(WORK REQUIRED):
Write out each line of the records that has "ultimately" in it.

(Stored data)
definition mprod_list :: "nat \<Rightarrow> complex mat list \<Rightarrow> complex mat" where
  "mprod_list d As = foldr (\<lambda>A B. A * B) As (1\<^sub>m d)"

end

(* Since Q^2 = 1, every factor is exp (x Q) = cosh x + sinh x Q. Expanding the product of the
   L = 2j + 2pM <= 2 (p + 1) M factors of X gives a sum over Pauli paths, which pick cosh or
   sinh Q in every factor. Each path contributes at most 2^n to |Tr (P X)|, and it contributes 0
   unless its Pauli product is non-identity on every qubit of supp P; as each Q covers at most k
   qubits, such a path picks sinh Q in at least r = ceil (w / k) of the N <= 2 (p + 1) B factors
   whose support meets supp P. Summing the weights gives
     2^-n |Tr (P X)| <= (N choose r) sinh^r delta exp (L delta),
   and (N choose r) <= (e N / r)^r, sinh delta <= delta exp delta finish the estimate. *)

theory Submission
  imports Defs
begin

section \<open>Tensor products of 2x2 matrices\<close>

lemma bit_of_add_pow2:
  assumes "l < 2 ^ n"
  shows "bit_of (l + 2 ^ n) n = 1" and "q < n \<Longrightarrow> bit_of (l + 2 ^ n) q = bit_of l q"
proof -
  show "bit_of (l + 2 ^ n) n = 1"
    using assms by (simp add: bit_of_def)
next
  assume q: "q < n"
  have "(2::nat) ^ n = 2 ^ q * 2 ^ (n - q)"
    using q by (simp flip: power_add)
  then have "(l + 2 ^ n) div 2 ^ q = l div 2 ^ q + 2 ^ (n - q)"
    by simp
  moreover have "even ((2::nat) ^ (n - q))"
    using q by simp
  ultimately show "bit_of (l + 2 ^ n) q = bit_of l q"
    unfolding bit_of_def by (auto simp: mod2_eq_if)
qed

lemma sum_bits_prod:
  fixes h :: "nat \<Rightarrow> nat \<Rightarrow> 'a::comm_semiring_1"
  shows "(\<Sum>l<2 ^ n. \<Prod>q<n. h q (bit_of l q)) = (\<Prod>q<n. h q 0 + h q 1)"
proof (induction n)
  case 0
  then show ?case by simp
next
  case (Suc n)
  let ?S = "\<lambda>l. \<Prod>q<Suc n. h q (bit_of l q)"
  have low: "(\<Sum>l<2 ^ n. ?S l) = (\<Sum>l<2 ^ n. \<Prod>q<n. h q (bit_of l q)) * h n 0"
    by (simp add: sum_distrib_right bit_of_def)
  have "(\<Sum>l\<in>{2 ^ n..<2 ^ n + 2 ^ n}. ?S l) = (\<Sum>l<2 ^ n. ?S (l + 2 ^ n))"
    by (simp add: sum.shift_bounds_nat_ivl[of ?S 0 "2 ^ n" "2 ^ n", simplified] atLeast0LessThan)
  also have "\<dots> = (\<Sum>l<2 ^ n. \<Prod>q<n. h q (bit_of l q)) * h n 1"
    by (auto simp: sum_distrib_right bit_of_add_pow2 intro!: sum.cong prod.cong)
  finally have high: "(\<Sum>l\<in>{2 ^ n..<2 ^ n + 2 ^ n}. ?S l) = \<dots>" .
  have split: "{..<(2::nat) ^ Suc n} = {..<2 ^ n} \<union> {2 ^ n..<2 ^ n + 2 ^ n}"
    by auto
  have "(\<Sum>l<2 ^ Suc n. ?S l) = (\<Sum>l<2 ^ n. ?S l) + (\<Sum>l\<in>{2 ^ n..<2 ^ n + 2 ^ n}. ?S l)"
    unfolding split by (rule sum.union_disjoint) auto
  then show ?case
    using low high Suc by (simp add: distrib_left)
qed

lemma bits_eq_imp_eq:
  assumes "i < 2 ^ n" "j < 2 ^ n" "\<forall>q<n. bit_of i q = bit_of j q"
  shows "i = j"
  using assms
proof (induction n arbitrary: i j)
  case 0
  then show ?case by simp
next
  case (Suc n)
  have "\<forall>q<n. bit_of (i div 2) q = bit_of (j div 2) q"
    using Suc.prems(3) by (auto simp: bit_of_def div_mult2_eq)
  then have "i div 2 = j div 2"
    using Suc by auto
  moreover have "i mod 2 = j mod 2"
    using Suc.prems(3) by (auto simp: bit_of_def)
  ultimately show ?case
    by (metis div_mult_mod_eq)
qed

(ANSWER SECTION):
  ultimately show "bit_of (l + 2 ^ n) q = bit_of l q"
  ultimately show ?case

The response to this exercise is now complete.